Pada abad petengahan di benua eropa terjadi pertengkaran antara spanyol dan portugis (portugal) yang menginginkan melakukan pelayaran untuk mencari rempah – rempah. Kedua negaa ini sama – sama memiliki teknologi pelayaran yang tinggi. Akhirnya untuk menyelesaikan permasalahan tersebut Paus Yulis II pada 7 Juni 1494 membuat perjanjian yang bernama Tordesillas. Penamaan Tordesillas diambil dari nama daerah yang ditempati pada saat itu yang sekarang dikenal di provinsi Valladolid, Spanyol.
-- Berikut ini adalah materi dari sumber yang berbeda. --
(* Let $\varepsilon\in(0,\frac12)$ and $a\ge1$, and let $G$ be a graph. Assume that for every induced subgraph $F$ of $G$ with $|F|\ge\varepsilon^{2a}|G|$, there exists $k\in[2,1/\varepsilon]$ such that there is a complete or anticomplete $(k,|F|/k^a)$-blockade in $F$. Then $G$ has an $\varepsilon$-restricted induced subgraph with at least $\varepsilon^{3a}|G|$ vertices.
   Context: Graphs are finite and simple; $|G|$ is the number of vertices of $G$ and $\overline G$ its complement. $G$ is $\varepsilon$-sparse if its maximum degree is at most $\varepsilon|G|$, and $\varepsilon$-restricted if one of $G,\overline G$ is $\varepsilon$-sparse. A blockade in $G$ is a sequence $(B_1,\ldots,B_m)$ of disjoint subsets of $V(G)$, with length $m$ and width $\min_i|B_i|$; a $(k,w)$-blockade has length at least $k$ and width at least $w$. A blockade is complete (resp. anticomplete) if between any two distinct blocks all (resp. no) edges are present. *)

theory Defs
  imports Complex_Main
begin

text \<open>A finite simple graph is given by a finite vertex set V and a symmetric,
irreflexive adjacency relation E. Induced subgraphs are given by vertex subsets S of V.\<close>

definition graph :: "'a set \<Rightarrow> ('a \<Rightarrow> 'a \<Rightarrow> bool) \<Rightarrow> bool" where
  "graph V E \<longleftrightarrow> finite V \<and> (\<forall>x y. E x y \<longrightarrow> E y x) \<and> (\<forall>x. \<not> E x x)"

definition sparse :: "real \<Rightarrow> 'a set \<Rightarrow> ('a \<Rightarrow> 'a \<Rightarrow> bool) \<Rightarrow> bool" where
  "sparse eps S E \<longleftrightarrow> (\<forall>v\<in>S. real (card {u\<in>S. E v u}) \<le> eps * real (card S))"

definition compl_rel :: "('a \<Rightarrow> 'a \<Rightarrow> bool) \<Rightarrow> 'a \<Rightarrow> 'a \<Rightarrow> bool" where
  "compl_rel E x y \<longleftrightarrow> x \<noteq> y \<and> \<not> E x y"

definition restricted :: "real \<Rightarrow> 'a set \<Rightarrow> ('a \<Rightarrow> 'a \<Rightarrow> bool) \<Rightarrow> bool" where
  "restricted eps S E \<longleftrightarrow> sparse eps S E \<or> sparse eps S (compl_rel E)"

definition blockade :: "'a set \<Rightarrow> nat \<Rightarrow> (nat \<Rightarrow> 'a set) \<Rightarrow> bool" where
  "blockade S m B \<longleftrightarrow> (\<forall>i<m. B i \<subseteq> S) \<and> (\<forall>i<m. \<forall>j<m. i \<noteq> j \<longrightarrow> B i \<inter> B j = {})"

definition kw_blockade :: "'a set \<Rightarrow> nat \<Rightarrow> real \<Rightarrow> nat \<Rightarrow> (nat \<Rightarrow> 'a set) \<Rightarrow> bool" where
  "kw_blockade S k w m B \<longleftrightarrow> blockade S m B \<and> k \<le> m \<and> (\<forall>i<m. w \<le> real (card (B i)))"

definition complete_blockade :: "('a \<Rightarrow> 'a \<Rightarrow> bool) \<Rightarrow> nat \<Rightarrow> (nat \<Rightarrow> 'a set) \<Rightarrow> bool" where
  "complete_blockade E m B \<longleftrightarrow>
     (\<forall>i<m. \<forall>j<m. i \<noteq> j \<longrightarrow> (\<forall>x\<in>B i. \<forall>y\<in>B j. E x y))"

definition anticomplete_blockade :: "('a \<Rightarrow> 'a \<Rightarrow> bool) \<Rightarrow> nat \<Rightarrow> (nat \<Rightarrow> 'a set) \<Rightarrow> bool" where
  "anticomplete_blockade E m B \<longleftrightarrow>
     (\<forall>i<m. \<forall>j<m. i \<noteq> j \<longrightarrow> (\<forall>x\<in>B i. \<forall>y\<in>B j. \<not> E x y))"

end

theory Submission
  imports Defs
begin

text \<open>Put \<open>T = \<epsilon>\<^sup>2\<^sup>a |G|\<close> and \<open>m = \<lceil>\<epsilon>\<^sup>3\<^sup>a |G|\<rceil>\<close>. By induction on \<open>|F|\<close>, every \<open>F\<close> with at
  least \<open>m\<close> vertices contains a family \<open>\<A>\<close> of disjoint, pairwise anticomplete \<open>m\<close>-sets and a
  family \<open>\<C>\<close> of disjoint, pairwise complete \<open>m\<close>-sets with \<open>|\<A>| |\<C>| \<ge> (|F|/T)\<^sup>1\<^sup>/\<^sup>a\<close>.
  If \<open>|F| \<ge> T\<close>, the hypothesis gives a homogeneous blockade whose \<open>k\<close> blocks have at least
  \<open>|F|/k\<^sup>a \<ge> m\<close> vertices each; the families found in the blocks lose a factor \<open>k\<close>, which is
  regained by uniting the families of the blockade's own kind and keeping a largest family of
  the other kind. For \<open>F = G\<close> the product is at least \<open>\<epsilon>\<^sup>-\<^sup>2\<close>, so one family has at least
  \<open>1/\<epsilon>\<close> members. In its union every vertex has all its neighbours (respectively
  non-neighbours) inside its own \<open>m\<close>-set, so the union is \<open>\<epsilon>\<close>-restricted, and it has at least
  \<open>m\<close> vertices.\<close>

definition complete_family :: "('a \<Rightarrow> 'a \<Rightarrow> bool) \<Rightarrow> nat \<Rightarrow> 'a set \<Rightarrow> 'a set set \<Rightarrow> bool" where
  "complete_family R m F \<A> \<longleftrightarrow> finite \<A> \<and> (\<forall>A\<in>\<A>. A \<subseteq> F \<and> card A = m) \<and>
     pairwise (\<lambda>A A'. disjnt A A' \<and> (\<forall>x\<in>A. \<forall>y\<in>A'. R x y)) \<A>"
Adanya perjanjian ini dipicu oleh keinginan kedua negara ini untuk menguasai dunia. Paus Yulis II sebagai penengah dari kedua negara tersebut menengahi dan berusaha meredam amarah kedua raja dari Spanyol maupun Portugis.


Inti dari perjanjian ini adalah membagi duopoli eklusif jalur pelayaran kedua negara ini kedalam sepanjang suatu meridian 1550km sebelah barat kepulauan Tanjung Verde (lepas pantai barat Afrika). Sebelah Timur sebagai hak Portugis sedangkan sebelah barat adalah Spanyol. Dari jalur ini nantinya akan menemukan banyak tempat baru di dunia dan terutama mengubah pemikiran pada waktu itu yang menganggap bahwa bumi itu seperti sebuah meja yang apabila semakin ke barat ataupun ke timur akan sampai ke paling ujung dan akan terjatuh.


Dari sini juga nantinya akan terlihat negara – negara yang memiliki corak seperti spanyol dan portugis dengan melihat nama – nama penduduk dari negara – negara yang pernah disinggahi oleh kedua negara ini seperti argentina yang lebih mirip ke spanyol dan Brazil yang lebih mirip Portugal. Perjanjian Tordesillas nantinya akan terjadi lagi perjanjian yang bernama perjanjian saragosa. Perjanjian ini terjadi ketika kedua negara tersebut bertemu di maluku dan keduanya saling bermusuhan dengan mengadu domba antara ternate dan tidore.